The knee joint is formed by the articulation of the distal end of the femur and the proximal end of the tibia. The fibula is only involved to the extent that it serves as an attachment site for connective tissue. In this paper, the anatomy of the joint will be discussed.
The knee is a hinge-type, diarthrotic, or freely moveable joint. Also referred to as a synovial joint, the 2 articulating ends of bone are encased in a capsule that lubricates the joint with synovial fluid to reduce friction.
Each bone in a synovial joint has articular cartilage at the articulating surface. The C-shaped medial and lateral menisci serve to deepen the articulation at the superior surface of the tibia, thus enhancing the bony stability of the joint.
Also adding to the joints stability are the two major pairs of ligaments: the cruciates and the collaterals. The medial and lateral collateral ligaments have a stabilizing effect in a lateral plane of motion, helping to prevent sideward displacement and over-rotation. The medial collateral attaches the femur to the tibia, also attaching to the medial meniscus. The lateral collateral attaches the femur to the fibula but has no attachment to the lateral meniscus. Both collaterals lie slightly posterior to the lateral axis of the knee joint and are taut when the knee is full extension. This positioning of the ligaments causes a slackness when flexion occurs, allowing medial and lateral rotation to take place.

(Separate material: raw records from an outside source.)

locale corrupted_epoch =
  fixes D :: "(nat \<Rightarrow> real) measure" and q :: "nat pmf"
    and adv :: "nat \<Rightarrow> (nat \<Rightarrow> (nat \<Rightarrow> real) \<times> nat) \<Rightarrow> (nat \<Rightarrow> real) \<Rightarrow> (nat \<Rightarrow> real)"
    and N k :: nat
  assumes prob_space_D: "prob_space D"
    and reward_measurable: "(\<lambda>x. x k) \<in> borel_measurable D"
    and reward_range: "AE x in D. x k \<in> {0..1}"
    and corrupted_range: "\<And>t h x. adv t h x k \<in> {0..1}"
    and corrupted_measurable: "\<And>t. t < N \<Longrightarrow> (\<lambda>w. corrupted adv t w k) \<in> borel_measurable (epoch_space N D q)"
begin

definition increment :: "nat \<Rightarrow> (nat \<Rightarrow> (nat \<Rightarrow> real) \<times> nat) \<Rightarrow> real" where
  "increment t w = (of_bool (snd (w t) = k) - pmf q k) * corrupted adv t w k
                   + pmf q k * (fst (w t) k - (\<integral>x. x k \<partial>D))"

lemma increment_adapted: "increment t w = increment t (restrict w {..t})"
proof -
  have "restrict (restrict w {..t}) {..<t} = restrict w {..<t}"
    by (auto simp: restrict_def)
  then show ?thesis
    by (simp add: increment_def corrupted_def)
qed

lemma prob_space_round: "prob_space (D \<Otimes>\<^sub>M measure_pmf q)"
  using prob_space_D by (intro prob_space_pair) (auto intro: measure_pmf.prob_space_axioms)

lemma prob_space_epoch: "prob_space (epoch_space N D q)"
  unfolding epoch_space_def by (intro prob_space_PiM prob_space_round)

lemma increment_measurable:
  assumes "t < N"
  shows "increment t \<in> borel_measurable (epoch_space N D q)"
proof -
  have round: "(\<lambda>w. w t) \<in> measurable (epoch_space N D q) (D \<Otimes>\<^sub>M measure_pmf q)"
    using assms by (simp add: epoch_space_def)
  have "(\<lambda>w. fst (w t) k) \<in> borel_measurable (epoch_space N D q)"
    using measurable_compose[OF measurable_compose[OF round measurable_fst] reward_measurable] by simp
  moreover have "(\<lambda>w. snd (w t)) \<in> measurable (epoch_space N D q) (count_space UNIV)"
    using measurable_compose[OF round measurable_snd] by simp
  ultimately show ?thesis
    unfolding increment_def using corrupted_measurable[OF assms] by measurable
qed

lemma increment_mgf_le:
  assumes t: "t < N" and w: "w \<in> space (epoch_space N D q)" and l: "\<bar>l\<bar> \<le> 1 / 2"
  shows "(\<integral>\<^sup>+ x. exp (l * increment t (w(t := x))) \<partial>(D \<Otimes>\<^sub>M measure_pmf q)) \<le> exp (l\<^sup>2 * pmf q k)"
proof -
  define g where "g r = adv t (restrict w {..<t}) r k" for r
  have upd: "(\<lambda>x. w(t := x)) \<in> measurable (D \<Otimes>\<^sub>M measure_pmf q) (epoch_space N D q)"
    using measurable_fun_upd[of "{..<N}" "{..<N}" t, OF _ measurable_const[OF w[unfolded epoch_space_def]] measurable_id] t
    by (auto simp: epoch_space_def)
  have corrupted_upd: "corrupted adv t (w(t := x)) k = g (fst x)" for x
    by (simp add: corrupted_def g_def)
  have "(\<lambda>x. g (fst x)) \<in> borel_measurable (D \<Otimes>\<^sub>M measure_pmf q)"
    using measurable_compose[OF upd corrupted_measurable[OF t]] by (simp add: corrupted_upd)
  from measurable_Pair1[OF this, of undefined] have "g \<in> borel_measurable D"
    by simp
  from nn_integral_exp_round_increment_le[OF prob_space_D this _ reward_measurable reward_range l, of q k]
  show ?thesis
    using corrupted_range by (simp add: increment_def corrupted_upd g_def)
qed

lemma increment_sum_mgf_le:
  assumes "\<bar>l\<bar> \<le> 1 / 2"
  shows "(\<integral>\<^sup>+ w. exp (l * (\<Sum>t<N. increment t w)) \<partial>epoch_space N D q) \<le> exp (l\<^sup>2 * pmf q k * N)"
proof -
  have "(\<integral>\<^sup>+ w. exp (\<Sum>t<N. l * increment t w) \<partial>epoch_space N D q) \<le> ennreal (exp (l\<^sup>2 * pmf q k)) ^ N"
    unfolding epoch_space_def
  proof (rule nn_integral_PiM_exp_sum_adapted_le[OF prob_space_round])
    show "(\<lambda>w. l * increment t w) \<in> borel_measurable (PiM {..<N} (\<lambda>_. D \<Otimes>\<^sub>M measure_pmf q))" if "t < N" for t
      using increment_measurable[OF that] by (simp add: epoch_space_def)
    show "l * increment t w = l * increment t (restrict w {..t})" for t w
      using increment_adapted by simp
    show "(\<integral>\<^sup>+ x. exp (l * increment t (w(t := x))) \<partial>(D \<Otimes>\<^sub>M measure_pmf q)) \<le> exp (l\<^sup>2 * pmf q k)"
      if "t < N" "w \<in> space (PiM {..<N} (\<lambda>_. D \<Otimes>\<^sub>M measure_pmf q))" for t w
      using increment_mgf_le[OF that(1) _ assms] that(2) by (simp add: epoch_space_def)
  qed
  then show ?thesis
    by (simp add: sum_distrib_left ennreal_power exp_of_nat_mult[symmetric] mult.commute)
qed

lemma increment_sum_tail:
  assumes s: "\<bar>s\<bar> = 1" and \<epsilon>: "0 < \<epsilon>" "\<epsilon> \<le> 1"
  shows "emeasure (epoch_space N D q) {w \<in> space (epoch_space N D q). \<epsilon> * (pmf q k * N) \<le> s * (\<Sum>t<N. increment t w)}
         \<le> exp (- (\<epsilon>\<^sup>2 * (pmf q k * N) / 4))"
proof -
  let ?\<Omega> = "epoch_space N D q"
  let ?Z = "\<lambda>w. s * (\<Sum>t<N. increment t w)"
  have Z: "?Z \<in> borel_measurable ?\<Omega>"
    using increment_measurable by (intro borel_measurable_times borel_measurable_sum) auto
  have "(\<integral>\<^sup>+ w. ennreal (exp (\<epsilon> / 2 * ?Z w)) * indicator (space ?\<Omega>) w \<partial>?\<Omega>)
      = (\<integral>\<^sup>+ w. exp (s * \<epsilon> / 2 * (\<Sum>t<N. increment t w)) \<partial>?\<Omega>)"
    by (intro nn_integral_cong) simp
  also have "\<dots> \<le> exp ((s * \<epsilon> / 2)\<^sup>2 * pmf q k * N)"
    using s \<epsilon> by (intro increment_sum_mgf_le) (simp add: abs_mult)
  also have "(s * \<epsilon> / 2)\<^sup>2 * pmf q k * N = \<epsilon>\<^sup>2 * (pmf q k * N) / 4"
    using s power2_abs[of s] by (simp add: power_mult_distrib power_divide)
  finally have mgf: "(\<integral>\<^sup>+ w. ennreal (exp (\<epsilon> / 2 * ?Z w)) * indicator (space ?\<Omega>) w \<partial>?\<Omega>)
      \<le> exp (\<epsilon>\<^sup>2 * (pmf q k * N) / 4)" .
  have "emeasure ?\<Omega> {w \<in> space ?\<Omega>. \<epsilon> * (pmf q k * N) \<le> ?Z w}
      \<le> exp (- (\<epsilon> / 2) * (\<epsilon> * (pmf q k * N))) * (\<integral>\<^sup>+ w. ennreal (exp (\<epsilon> / 2 * ?Z w)) * indicator (space ?\<Omega>) w \<partial>?\<Omega>)"
    using \<epsilon> Z by (intro Chernoff_ineq_nn_integral_ge) (auto intro: borel_measurable_times)
  also have "\<dots> \<le> ennreal (exp (- (\<epsilon> / 2) * (\<epsilon> * (pmf q k * N)))) * ennreal (exp (\<epsilon>\<^sup>2 * (pmf q k * N) / 4))"
    using mgf by (rule mult_left_mono) simp
  also have "\<dots> = exp (- (\<epsilon>\<^sup>2 * (pmf q k * N) / 4))"
    by (simp add: ennreal_mult[symmetric] exp_add[symmetric] power2_eq_square)
  finally show ?thesis .
qed

lemma increment_sum_eq:
  "(\<Sum>t<N. increment t w) = epoch_S adv N k w - pmf q k * (\<Sum>t<N. corrupted adv t w k - fst (w t) k)
                             - N * pmf q k * (\<integral>x. x k \<partial>D)"
proof -
  have "increment t w = (if snd (w t) = k then corrupted adv t w k else 0)
          - pmf q k * (corrupted adv t w k - fst (w t) k) - pmf q k * (\<integral>x. x k \<partial>D)" for t
    by (cases "snd (w t) = k") (simp_all add: increment_def algebra_simps)
  then show ?thesis
    by (simp add: epoch_S_def sum_subtractf flip: sum_distrib_left)
qed

lemma epoch_r_deviation_imp_increment_sum:
  assumes "k < K" "0 < N" and p: "pmf q k = nt / N" and nt: "0 < nt"
    and dev: "\<epsilon> + 2 * epoch_C adv K N w / N \<le> \<bar>epoch_r adv N nt k w - (\<integral>x. x k \<partial>D)\<bar>"
  shows "\<epsilon> * nt \<le> \<bar>\<Sum>t<N. increment t w\<bar>"
proof -
  define \<mu> where "\<mu> = (\<integral>x. x k \<partial>D)"
  define R where "R = (\<Sum>t<N. corrupted adv t w k - fst (w t) k)"
  define C where "C = epoch_C adv K N w"
  have \<mu>: "\<mu> \<le> 1"
    using prob_space.expectation_in_unit_interval[OF prob_space_D reward_measurable reward_range]
    by (simp add: \<mu>_def)
  have RC: "\<bar>R\<bar> \<le> C"
    unfolding R_def C_def using corruption_le_epoch_C[OF assms(1)] .
  have "\<bar>epoch_r adv N nt k w - \<mu>\<bar> \<le> \<bar>epoch_S adv N k w / nt - \<mu>\<bar>"
    using \<mu> by (auto simp: epoch_r_def min_def)
  also have "epoch_S adv N k w / nt - \<mu> = ((\<Sum>t<N. increment t w) + pmf q k * R) / nt"
    using nt assms(2) by (simp add: increment_sum_eq p R_def \<mu>_def field_simps)
  also have "\<bar>\<dots>\<bar> = \<bar>(\<Sum>t<N. increment t w) + pmf q k * R\<bar> / nt"
    using nt by simp
  also have "\<dots> \<le> (\<bar>\<Sum>t<N. increment t w\<bar> + \<bar>pmf q k * R\<bar>) / nt"
    using nt by (intro divide_right_mono abs_triangle_ineq) simp
  also have "\<dots> \<le> \<bar>\<Sum>t<N. increment t w\<bar> / nt + C / N"
  proof -
    have "\<bar>pmf q k * R\<bar> / nt \<le> C / N"
      using nt assms(2) RC by (simp add: p abs_mult divide_right_mono)
    then show ?thesis
      by (simp add: add_divide_distrib)
  qed
  finally have "\<epsilon> + C / N \<le> \<bar>\<Sum>t<N. increment t w\<bar> / nt"
    using dev by (simp add: C_def \<mu>_def)
  moreover have "0 \<le> C / N"
    using RC by simp
  ultimately have "\<epsilon> \<le> \<bar>\<Sum>t<N. increment t w\<bar> / nt"
    by linarith
  then show ?thesis
    using nt by (simp add: field_simps)
qed

lemma epoch_r_deviation_prob_le:
  assumes "k < K" "0 < N" and p: "pmf q k = nt / N" and nt: "0 < nt" and \<epsilon>: "0 < \<epsilon>" "\<epsilon> \<le> 1"
  shows "measure (epoch_space N D q)
           {w \<in> space (epoch_space N D q).
              \<epsilon> + 2 * epoch_C adv K N w / N \<le> \<bar>epoch_r adv N nt k w - (\<integral>x. x k \<partial>D)\<bar>}
         \<le> 2 * exp (- (\<epsilon>\<^sup>2 * nt / 4))"
proof -
  let ?\<Omega> = "epoch_space N D q"
  interpret \<Omega>: prob_space ?\<Omega>
    by (rule prob_space_epoch)
  define A where "A s = {w \<in> space ?\<Omega>. \<epsilon> * nt \<le> s * (\<Sum>t<N. increment t w)}" for s :: real
  have pN: "pmf q k * N = nt"
    using assms(2) by (simp add: p)
  have A: "A s \<in> sets ?\<Omega>" for s
    unfolding A_def using increment_measurable by measurable
  have tail: "measure ?\<Omega> (A s) \<le> exp (- (\<epsilon>\<^sup>2 * nt / 4))" if "\<bar>s\<bar> = 1" for s
    using increment_sum_tail[OF that \<epsilon>] by (simp add: A_def pN \<Omega>.emeasure_eq_measure)
  have "{w \<in> space ?\<Omega>. \<epsilon> + 2 * epoch_C adv K N w / N \<le> \<bar>epoch_r adv N nt k w - (\<integral>x. x k \<partial>D)\<bar>}
      \<subseteq> A 1 \<union> A (- 1)"
  proof
    fix w
    assume "w \<in> {w \<in> space ?\<Omega>. \<epsilon> + 2 * epoch_C adv K N w / N \<le> \<bar>epoch_r adv N nt k w - (\<integral>x. x k \<partial>D)\<bar>}"
    then have "w \<in> space ?\<Omega>" "\<epsilon> * nt \<le> \<bar>\<Sum>t<N. increment t w\<bar>"
      using epoch_r_deviation_imp_increment_sum[OF assms(1,2) p nt] by auto
    then show "w \<in> A 1 \<union> A (- 1)"
      by (auto simp: A_def abs_if split: if_splits)
  qed
  then have "measure ?\<Omega> {w \<in> space ?\<Omega>. \<epsilon> + 2 * epoch_C adv K N w / N \<le> \<bar>epoch_r adv N nt k w - (\<integral>x. x k \<partial>D)\<bar>}
      \<le> measure ?\<Omega> (A 1 \<union> A (- 1))"
    using A by (intro \<Omega>.finite_measure_mono) auto
  also have "\<dots> \<le> measure ?\<Omega> (A 1) + measure ?\<Omega> (A (- 1))"
    using A[of 1] A[of "- 1"] by (rule measure_Un_le)
  also have "\<dots> \<le> 2 * exp (- (\<epsilon>\<^sup>2 * nt / 4))"
    using tail[of 1] tail[of "- 1"] by simp
  finally show ?thesis .
qed

end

The cruciate ligaments are so named because of their cross-configuration within the joint. The anterior cruciate ligament attaches to the tibia on its anterior-superior surface, crossing through the joint from the medial side to its lateral attachment on the femur. The posterior cruciate ligament attaches on the posterior-superior aspect of the tibia, crossing diagonally and medially to its lateral attachment on the femur. The anterior and posterior cruciates protect against hyperextension and hyperflexion, respectively.
The actions performed at the knee include flexion, extension, and medial and lateral rotation.
Flexion is the bending of a joint so that the angle between the two bones decreases. The primary muscles that flex the knee are a group collectively known as “hamstrings.” The hamstrings consist of the biceps femoris, semitendinosus, semimembranosus. The muscles that assist in flexion are the sartorius, gracilis,...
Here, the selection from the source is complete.